ASSIGNMENT:
Hunt through the lines below for the string "thesis" and copy each one that has it.

(Saved entries)
lemma dual_h_attains_max:
  fixes K :: "'a::euclidean_space \<Rightarrow> ereal"
  assumes M: "subspace M" and \<alpha>: "0 \<le> \<alpha>" and K_convex: "convex_fun K"
    and K_bounded_below: "bounded_below_fun K" and K_finite: "\<And>z. \<bar>K z\<bar> \<noteq> \<infinity>"
  shows "\<exists>\<Lambda>\<^sub>0. \<forall>\<Lambda>'. dual_h K \<alpha> M \<Lambda>' \<le> dual_h K \<alpha> M \<Lambda>\<^sub>0"
proof -
  define J where "J z = real_of_ereal (K z) + \<alpha> / 2 * (norm (orth_proj M z))\<^sup>2" for z
  have lagrangian_eq: "lagrangian K \<alpha> M \<Lambda> z = ereal (J z + inner z \<Lambda>)" for \<Lambda> z
    using K_finite[of z] by (cases "K z") (simp_all add: lagrangian_def J_def)
  obtain c where c: "\<And>z. ereal c \<le> K z"
    using K_bounded_below unfolding bounded_below_fun_def by blast
  have "convex_on UNIV J"
    unfolding J_def using \<alpha> convex_on_real_of_ereal_convex_fun[OF K_convex K_finite]
      convex_on_power2_norm_linear[OF linear_orth_proj[OF M]]
    by (intro convex_on_add convex_on_cmul) auto
  moreover have J_bdd: "bdd_below (J ` M)"
  proof (rule bdd_belowI2)
    fix z
    have "c \<le> real_of_ereal (K z)" using c[of z] K_finite[of z] by (cases "K z") auto
    then show "c \<le> J z" unfolding J_def using \<alpha> by (simp add: add_increasing2)
  qed
  ultimately obtain L where L: "L \<in> orth_comp M" and L_mult: "\<And>z. Inf (J ` M) \<le> J z + inner z L"
    using subspace_multiplier_exists[OF M] by blast
  have "ereal (Inf (J ` M)) \<le> dual_h K \<alpha> M L"
    unfolding dual_h_eq_INF_lagrangian orth_proj_id[OF subspace_orth_comp L] lagrangian_eq
    using L_mult by (intro INF_greatest) simp
  moreover have "dual_h K \<alpha> M \<Lambda>' \<le> ereal (Inf (J ` M))" for \<Lambda>'
  proof -
    have "dual_h K \<alpha> M \<Lambda>' \<le> ereal (J m)" if "m \<in> M" for m
      using dual_h_le_lagrangian_feasible[OF M that, where K = K and \<alpha> = \<alpha> and \<Lambda> = \<Lambda>']
      by (simp add: lagrangian_eq)
    then have "dual_h K \<alpha> M \<Lambda>' \<le> (INF m\<in>M. ereal (J m))" by (rule INF_greatest)
    also have "\<dots> = ereal (Inf (J ` M))"
    proof -
      have "J ` M \<noteq> {}" using subspace_0[OF M] by blast
      then show ?thesis using ereal_Inf'[OF J_bdd] by (simp add: image_image)
    qed
    finally show ?thesis .
  qed
  ultimately show ?thesis by (meson order_trans)
qed

lemma prox_minimizer_variational_ineq:
  fixes K :: "'a::real_inner \<Rightarrow> ereal"
  assumes K_convex: "convex_fun K" and Kx: "K x = ereal a" and K_not_MInf: "\<And>y. K y \<noteq> -\<infinity>"
    and x_min: "\<And>y. K x + ereal (inner x \<mu> + \<alpha> / 2 * (norm x)\<^sup>2)
                    \<le> K y + ereal (inner y \<mu> + \<alpha> / 2 * (norm y)\<^sup>2)"
  shows "K x \<le> K y + ereal (inner (y - x) (\<mu> + \<alpha> *\<^sub>R x))"
proof (cases "K y")
  case (real b)
  define d where "d = y - x"
  define c where "c = b - a + inner d (\<mu> + \<alpha> *\<^sub>R x)"
  define k where "k = \<alpha> / 2 * (norm d)\<^sup>2"
  have "0 \<le> c + t * k" if t: "0 < t" "t \<le> 1" for t
  proof -
    define y_t where "y_t = x + t *\<^sub>R d"
    have "y_t = (1 - t) *\<^sub>R x + t *\<^sub>R y"
      by (simp add: y_t_def d_def algebra_simps)
    then have "K y_t \<le> ereal (1 - t) * K x + ereal t * K y"
      using K_convex t unfolding convex_fun_def by simp
    then have K_y_t: "K y_t \<le> ereal ((1 - t) * a + t * b)"
      by (simp add: Kx real)
    have "ereal (a + (inner x \<mu> + \<alpha> / 2 * (norm x)\<^sup>2))
        = K x + ereal (inner x \<mu> + \<alpha> / 2 * (norm x)\<^sup>2)" by (simp add: Kx)
    also have "\<dots> \<le> K y_t + ereal (inner y_t \<mu> + \<alpha> / 2 * (norm y_t)\<^sup>2)" by (rule x_min)
    also have "\<dots> \<le> ereal ((1 - t) * a + t * b) + ereal (inner y_t \<mu> + \<alpha> / 2 * (norm y_t)\<^sup>2)"
      using K_y_t by (rule add_right_mono)
    finally have ineq: "a + (inner x \<mu> + \<alpha> / 2 * (norm x)\<^sup>2)
        \<le> (1 - t) * a + t * b + (inner y_t \<mu> + \<alpha> / 2 * (norm y_t)\<^sup>2)"
      by simp
    have "(norm y_t)\<^sup>2 = (norm x)\<^sup>2 + 2 * t * inner x d + t\<^sup>2 * (norm d)\<^sup>2"
      unfolding y_t_def power2_norm_eq_inner
      by (simp add: inner_add_left inner_add_right inner_commute power2_eq_square)
    then have "t * (c + t * k) = (1 - t) * a + t * b + (inner y_t \<mu> + \<alpha> / 2 * (norm y_t)\<^sup>2)
        - (a + (inner x \<mu> + \<alpha> / 2 * (norm x)\<^sup>2))"
      using inner_commute[of d x]
      by (simp add: c_def k_def y_t_def inner_add_left inner_add_right algebra_simps power2_eq_square)
    with ineq have "0 \<le> t * (c + t * k)" by linarith
    then show ?thesis using t by (simp add: zero_le_mult_iff)
  qed
  then have "0 \<le> c" by (rule nonneg_if_nonneg_plus_small_multiples)
  then have "a \<le> b + inner (y - x) (\<mu> + \<alpha> *\<^sub>R x)" unfolding c_def d_def by linarith
  then show ?thesis by (simp add: Kx real)
qed (use K_not_MInf in auto)
text \<open>
  In a code with at least two codewords, every codeword \<open>{x, y, z}\<close> has its three
  gaps \<open>y - x\<close>, \<open>z - y\<close>, \<open>L - (z - x)\<close> at least 2, because \<open>0\<close> lies in every difference set and must
  avoid the \<open>\<plusminus>1\<close> shifts of \<open>d*(I)\<close>. Its short differences \<open>min g (L - g)\<close> lie in \<open>[2, L / 2]\<close>, and
  short differences of distinct codewords are at distance at least 2, so the blocks \<open>{a, a + 1}\<close>
  they span are disjoint subsets of \<open>{2, ..., L / 2 + 1}\<close>. A codeword spans at least four points
  unless one of its short differences \<open>h\<close> has \<open>\<bar>3 h - L\<bar> \<le> 1\<close>, which happens for at most one
  codeword; hence \<open>4 M \<le> L / 2 + 2\<close>. If \<open>4\<close> divides \<open>L\<close> this is improved by a parity argument.

  The codewords \<open>{0, 2 u, 4 u}\<close> have even differences, so for even \<open>L\<close> only their
  difference sets need to be disjoint. For \<open>L \<equiv> 4 (mod 8)\<close> the odd \<open>u < L / 8\<close> do. For \<open>L = 2 N\<close>
  with \<open>N\<close> odd it suffices that no chosen \<open>u, v \<in> (0, N / 2)\<close> satisfy \<open>u \<equiv> \<plusminus>2 v (mod N)\<close>. Such a
  set of size \<open>(N - 1) / 4\<close> is one half of a colour class of a 2-colouring of the nonzero residues
  in which doubling changes and negation keeps the colour; it exists when \<open>x \<equiv> \<plusminus>2 ^ j x\<close> forces
  \<open>j\<close> to be even, which is the case if \<open>N\<close> divides \<open>2 ^ k + 1\<close> with \<open>k\<close> even, and, for the residues
  \<open>x\<close> with \<open>N\<close> not dividing \<open>3 x\<close>, if \<open>N\<close> divides \<open>2 ^ 2 ^ t - 1\<close>; in the latter case \<open>u = N / 3\<close> can be
  added. The lengths in (ii) and (iii) are of these forms.
\<close>

lemma uminus_mod_eq: "0 < x \<Longrightarrow> x < N \<Longrightarrow> (- x) mod N = N - x"
  for x N :: int
  by (simp add: zmod_zminus1_eq_if)

lemma odd_dvd_double_iff:
  fixes N a :: int
  assumes "odd N"
  shows "N dvd 2 * a \<longleftrightarrow> N dvd a"
proof
  assume "N dvd 2 * a"
  obtain k where "N = 2 * k + 1"
    using assms by (blast elim: oddE)
  then have "a = (k + 1) * (2 * a) - N * a"
    by (simp add: algebra_simps)
  then show "N dvd a"
    using \<open>N dvd 2 * a\<close> by (metis dvd_diff dvd_mult dvd_triv_left)
qed simp

lemma four_mult_neq: "4 * a \<noteq> 4 * b + (2::int)"
  by presburger

lemma card_multiples_of_four:
  fixes N :: int
  assumes "0 \<le> N"
  shows "finite {a. 2 \<le> a \<and> a \<le> N \<and> 4 dvd a}"
    and "4 * int (card {a. 2 \<le> a \<and> a \<le> N \<and> 4 dvd a}) \<le> N"
proof -
  have sub: "{a. 2 \<le> a \<and> a \<le> N \<and> 4 dvd a} \<subseteq> (\<lambda>k. 4 * k) ` {1..N div 4}"
  proof
    fix a assume "a \<in> {a. 2 \<le> a \<and> a \<le> N \<and> 4 dvd a}"
    then obtain k where "a = 4 * k" "2 \<le> 4 * k" "4 * k \<le> N"
      by blast
    then show "a \<in> (\<lambda>k. 4 * k) ` {1..N div 4}"
      by (intro image_eqI[of _ _ k]) auto
  qed
  then show "finite {a. 2 \<le> a \<and> a \<le> N \<and> 4 dvd a}"
    by (rule finite_subset) simp
  then have "card {a. 2 \<le> a \<and> a \<le> N \<and> 4 dvd a} \<le> card ((\<lambda>k. 4 * k) ` {1..N div 4})"
    using sub by (intro card_mono) simp_all
  also have "\<dots> \<le> card {1..N div 4}"
    by (rule card_image_le) simp
  finally have "int (card {a. 2 \<le> a \<and> a \<le> N \<and> 4 dvd a}) \<le> N div 4"
    using assms by (simp add: le_nat_iff)
  then show "4 * int (card {a. 2 \<le> a \<and> a \<le> N \<and> 4 dvd a}) \<le> N"
    by linarith
qed

lemma pow_cong_mult:
  fixes c x n :: int
  assumes "[c ^ a * x = x] (mod n)"
  shows "[c ^ (a * q) * x = x] (mod n)"
proof (induction q)
  case (Suc q)
  have "[c ^ (a * Suc q) * x = c ^ a * x] (mod n)"
    using cong_scalar_left[OF Suc.IH, of "c ^ a"] by (simp add: power_add ac_simps)
  then show ?case
    using assms by (rule cong_trans)
qed simp

lemma pow_cong_gcd:
  fixes c x n :: int
  shows "[c ^ a * x = x] (mod n) \<Longrightarrow> [c ^ b * x = x] (mod n) \<Longrightarrow> [c ^ gcd a b * x = x] (mod n)"
proof (induction a b rule: gcd_nat_induct)
  case (step a b)
  have "c ^ a = c ^ (a mod b) * c ^ (b * (a div b))"
    by (metis div_mult_mod_eq power_add mult.commute)
  then have "[c ^ a * x = c ^ (a mod b) * x] (mod n)"
    using cong_scalar_left[OF pow_cong_mult[OF step.prems(2)], of "c ^ (a mod b)" "a div b"]
    by (simp add: ac_simps)
  then have "[c ^ (a mod b) * x = x] (mod n)"
    using step.prems(1) by (metis cong_sym cong_trans)
  then show ?case
    using step.IH step.prems(2) step.hyps by (simp add: gcd_non_0_nat)
qed simp
(* Let $(X,d)$ be a quasi-tree which is $\delta$-hyperbolic and has bottleneck constant $\Delta\geqslant 0$. Let $x_0\in X$, let $Z\subset X$ be any subset, and let $Y=\bigcup_{z\in Z}[x_0,z]$ be a union of geodesic segments (one chosen geodesic from $x_0$ to each $z\in Z$). Then there exist an $\mathbb{R}$-tree $(T,d^* )$ and a map $f:Y\to T$ such that: (1) for all $z\in Z$, the restriction of $f$ to the geodesic segment $[x_0,z]$ is an isometry; (2) for all $x,y\in Y$, $d(x,y)-2(\Delta+2\delta)\leqslant d^*(f(x),f(y))\leqslant d(x,y)$.
   Context: A quasi-tree is a geodesic metric space quasi-isometric to a simplicial tree. A geodesic metric space is $\delta$-hyperbolic if every geodesic triangle is $\delta$-slim: each point of one side lies within distance $\delta$ of the union of the other two sides. A bottleneck constant of $X$ is a number $\Delta\geqslant0$ such that for every geodesic $[x,y]$ in $X$ and every point $z\in[x,y]$, every path from $x$ to $y$ meets the closed ball $B(z,\Delta)$ (for a quasi-tree such $\Delta$ exists). An $\mathbb{R}$-tree is a metric space in which any two points are joined by a unique topological arc, which is a geodesic. *)

theory Defs
  imports "HOL-Analysis.Analysis"
begin

definition geodesic_seg :: "'a set \<Rightarrow> ('a \<Rightarrow> 'a \<Rightarrow> real) \<Rightarrow> 'a set \<Rightarrow> 'a \<Rightarrow> 'a \<Rightarrow> bool" where
  "geodesic_seg M d S x y \<longleftrightarrow>
     (\<exists>g. g 0 = x \<and> g (d x y) = y \<and> g ` {0..d x y} \<subseteq> M \<and>
          (\<forall>s\<in>{0..d x y}. \<forall>t\<in>{0..d x y}. d (g s) (g t) = \<bar>s - t\<bar>) \<and>
          S = g ` {0..d x y})"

YOUR RESPONSE:
      then show ?thesis using ereal_Inf'[OF J_bdd] by (simp add: image_image)
    finally show ?thesis .
  ultimately show ?thesis by (meson order_trans)
    then show ?thesis using t by (simp add: zero_le_mult_iff)
  then show ?thesis by (simp add: Kx real)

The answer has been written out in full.